Scraping together a little change that we will convert into liquor. Dulling ourselves in the face of adversity. The minute hand makes no more revolutions. The pictures in the locket have faded. Recollections rarely come. When they do, they come shredded as sensitive documents sometimes do.
We try to find something to toast to. Look around the room. There’s not a single possession we like or need. This feeling extends to ourselves. All the dreams I wrapped up in you have disappeared upon waking. I know you feel the same way as you avoid my gaze. Averting your eyes in what amounts to shame. I’m ashamed at this realization too. Even though, it seems so obvious that whatever we had was bound to die. Something about this particular night seems perfect for it.
It’s that time of night when all artificial light is imbued with some sort of mystical sagacity. Everything is pleasantly blurred in contrast to the melancholy that renders us immovable. There are no sharp edges. No rough contours. Everything has been smoothed out.
The way that you used to smooth out your dress upon standing. I’d run a hand through my hair. Yours if it was preliminary to coition. In the doorway there with the kiss lingering on my lips. I was the one who gave it. And I was the one who took it home with me when I couldn’t sleep. The ceiling fan scattering the street lights.

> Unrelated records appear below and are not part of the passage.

definition lommel_S1 :: "complex \<Rightarrow> complex \<Rightarrow> complex" where
  "lommel_S1 \<nu> w =
     (if \<exists>n::nat. \<nu> = - of_nat n then lommel_S1_negint (nat (- \<lfloor>Re \<nu>\<rfloor>)) w
      else lommel_S1_generic \<nu> w)"

text \<open>S_{nu-2p-1,nu} for nu not in {1,...,p}.\<close>
definition lommel_gen :: "nat \<Rightarrow> complex \<Rightarrow> complex \<Rightarrow> complex" where
  "lommel_gen p \<nu> w =
     (\<Sum>m<p. (-1) ^ m * exp ((\<nu> - 2 * of_nat p + 2 * of_nat m) * w)
        / (2 ^ (2 * m + 2) * pochhammer (- of_nat p) (m + 1) * pochhammer (\<nu> - of_nat p) (m + 1)))
     + (-1) ^ p * lommel_S1 \<nu> w / (2 ^ (2 * p) * of_nat (fact p) * pochhammer (1 - \<nu>) p)"

text \<open>S_{nu-2p-1,nu}(exp w) in general, using evenness in nu when nu is in {1,...,p}.\<close>
definition lommel :: "nat \<Rightarrow> complex \<Rightarrow> complex \<Rightarrow> complex" where
  "lommel p \<nu> w =
     (if \<exists>k::nat. 1 \<le> k \<and> k \<le> p \<and> \<nu> = of_nat k
      then lommel_gen (p - nat \<lfloor>Re \<nu>\<rfloor>) (- \<nu>) w
      else lommel_gen p \<nu> w)"

definition max_modulus :: "(complex \<Rightarrow> complex) \<Rightarrow> real \<Rightarrow> real" where
  "max_modulus f r = Sup ((\<lambda>z. norm (f z)) ` cball 0 r)"

definition subnormal :: "(complex \<Rightarrow> complex) \<Rightarrow> bool" where
  "subnormal f \<longleftrightarrow>
     Limsup at_top (\<lambda>r::real. ereal (ln (ln (max_modulus f r)) / r)) = 0"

A bar down there below this unpaid for room. The liberal pours and the loose women. Naked beneath their slickers. Something sad always on the jukebox. The seasoned barflies look intently at the mirror behind the bar. They think it must be playing funhouse tricks on them. But no, that is who they truly are. With all their accumulated years. All their lost hands. All their rotten luck. Of course, some kid who just turned 21 is sinking all the balls on the pool table. Pointing to the pockets as he does so.

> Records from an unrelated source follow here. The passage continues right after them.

lemma gyrobarycentric_defect:
  assumes s: "s > 0" and P: "\<And>i. i \<in> I \<Longrightarrow> P i \<in> ein_ball s"
  shows "(\<Sum>i\<in>I. m i * ein_gamma s (P i))\<^sup>2
           - (norm (\<Sum>i\<in>I. (m i * ein_gamma s (P i)) *\<^sub>R P i))\<^sup>2 / s\<^sup>2
         = (\<Sum>i\<in>I. \<Sum>j\<in>I. m i * m j * ein_gamma s (ein_add s (- P i) (P j)))"
proof -
  define w where "w i = m i * ein_gamma s (P i)" for i
  have "(norm (\<Sum>i\<in>I. w i *\<^sub>R P i))\<^sup>2 = (\<Sum>i\<in>I. \<Sum>j\<in>I. w i * w j * (P i \<bullet> P j))"
    unfolding power2_norm_eq_inner
    by (simp add: inner_sum_left inner_sum_right sum_distrib_left inner_commute algebra_simps)
  then have "(\<Sum>i\<in>I. w i)\<^sup>2 - (norm (\<Sum>i\<in>I. w i *\<^sub>R P i))\<^sup>2 / s\<^sup>2
      = (\<Sum>i\<in>I. \<Sum>j\<in>I. w i * w j * (1 - (P i \<bullet> P j) / s\<^sup>2))"
    by (simp add: power2_eq_square sum_product sum_subtractf sum_divide_distrib algebra_simps)
  also have "\<dots> = (\<Sum>i\<in>I. \<Sum>j\<in>I. m i * m j * ein_gamma s (ein_add s (- P i) (P j)))"
    by (intro sum.cong refl) (simp add: w_def ein_gamma_gyrodiff[OF s P P])
  finally show ?thesis unfolding w_def .
qed

lemma gyrobarycentric_inner_defect:
  assumes s: "s > 0" and P: "\<And>i. i \<in> I \<Longrightarrow> P i \<in> ein_ball s" and Q: "Q \<in> ein_ball s"
  shows "(\<Sum>i\<in>I. m i * ein_gamma s (P i))
           - ((\<Sum>i\<in>I. (m i * ein_gamma s (P i)) *\<^sub>R P i) \<bullet> Q) / s\<^sup>2
         = (\<Sum>i\<in>I. m i * ein_gamma s (ein_add s (- P i) Q)) / ein_gamma s Q"
proof -
  have "ein_gamma s Q \<noteq> 0" using ein_gamma_pos[OF s Q] by simp
  then show ?thesis
    by (simp add: ein_gamma_gyrodiff[OF s P Q] inner_sum_left sum_divide_distrib
        flip: sum_subtractf) (simp add: algebra_simps)
qed

lemma ein_gamma_gyrobarycentric_gyrodiff:
  assumes s: "s > 0" and P: "\<And>i. i \<in> I \<Longrightarrow> P i \<in> ein_ball s" and Q: "Q \<in> ein_ball s"
    and N: "(\<Sum>i\<in>I. m i * ein_gamma s (P i)) \<noteq> 0"
    and A: "gyrobarycentric s m P I \<in> ein_ball s"
  shows "(ein_gamma s (ein_add s (- gyrobarycentric s m P I) Q))\<^sup>2
           * (\<Sum>i\<in>I. \<Sum>j\<in>I. m i * m j * ein_gamma s (ein_add s (- P i) (P j)))
         = (\<Sum>i\<in>I. m i * ein_gamma s (ein_add s (- P i) Q))\<^sup>2"
proof -
  define N where "N = (\<Sum>i\<in>I. m i * ein_gamma s (P i))"
  define S where "S = (\<Sum>i\<in>I. (m i * ein_gamma s (P i)) *\<^sub>R P i)"
  define T where "T = (\<Sum>i\<in>I. m i * ein_gamma s (ein_add s (- P i) Q))"
  define D where "D = (\<Sum>i\<in>I. \<Sum>j\<in>I. m i * m j * ein_gamma s (ein_add s (- P i) (P j)))"
  define B where "B = gyrobarycentric s m P I"
  have N0: "N \<noteq> 0" using N by (simp add: N_def)
  have BS: "B = (1 / N) *\<^sub>R S" by (simp add: B_def gyrobarycentric_def N_def S_def)
  have "D = N\<^sup>2 - (norm S)\<^sup>2 / s\<^sup>2"
    unfolding D_def N_def S_def by (rule gyrobarycentric_defect[OF s P, symmetric])
  also have "\<dots> = N\<^sup>2 * (1 - (norm B)\<^sup>2 / s\<^sup>2)"
    using N0 by (simp add: BS power_divide field_simps)
  finally have gB: "(ein_gamma s B)\<^sup>2 * D = N\<^sup>2"
    using ein_gamma_sq_mult_defect[OF s A] by (simp add: B_def)
  have "N * (1 - (B \<bullet> Q) / s\<^sup>2) = N - (S \<bullet> Q) / s\<^sup>2"
    using N0 by (simp add: BS field_simps)
  also have "\<dots> = T / ein_gamma s Q"
    unfolding N_def S_def T_def by (rule gyrobarycentric_inner_defect[OF s P Q])
  finally have NT: "N * (1 - (B \<bullet> Q) / s\<^sup>2) * ein_gamma s Q = T"
    using ein_gamma_pos[OF s Q] by (simp add: field_simps)
  have "ein_gamma s (ein_add s (- B) Q) * N
      = ein_gamma s B * (N * (1 - (B \<bullet> Q) / s\<^sup>2) * ein_gamma s Q)"
    using A by (simp add: ein_gamma_gyrodiff[OF s _ Q] B_def mult_ac)
  then have "ein_gamma s (ein_add s (- B) Q) * N = ein_gamma s B * T" unfolding NT .
  then have "(ein_gamma s (ein_add s (- B) Q))\<^sup>2 * D * N\<^sup>2 = T\<^sup>2 * N\<^sup>2"
    using gB by (metis (no_types, lifting) mult.commute mult.left_commute power_mult_distrib)
  then show ?thesis using N0 by (simp add: B_def D_def T_def)
qed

It seems so effortless for some people. It’s as though the world is at their command. You and I never really had a chance when the odds were stacked against us like this. Still there were those days when no one could see us, and we acted foolish in the most inappropriate places. Even the graveyards were transformed into playgrounds when visited by honeymooners like us.
You playfully pouted when I beat you to the punchline. Everyone could see it coming from a mile away. Still, I should have let you have that small victory. I understand now how important these seemingly insignificant things can be.
You never acted as though you were entitled to their laughter. If the joke did not land, you would simply try another. Something about a farmer’s daughter. Blinking at the tractor’s lights. Waiting for the till.
Standing on the side of the road. Waiting for someone to take pity on a penniless hitchhiker. A fair amount of dirt under the nail of the pointing thumb. No sharpie and no cardboard to make a sign that would catch the eye with a pithy beg. The cornfields seem so grand in their simplicity. Desire has eaten its way into your soul. A worm that chewed its way in and died in the apple of Eden.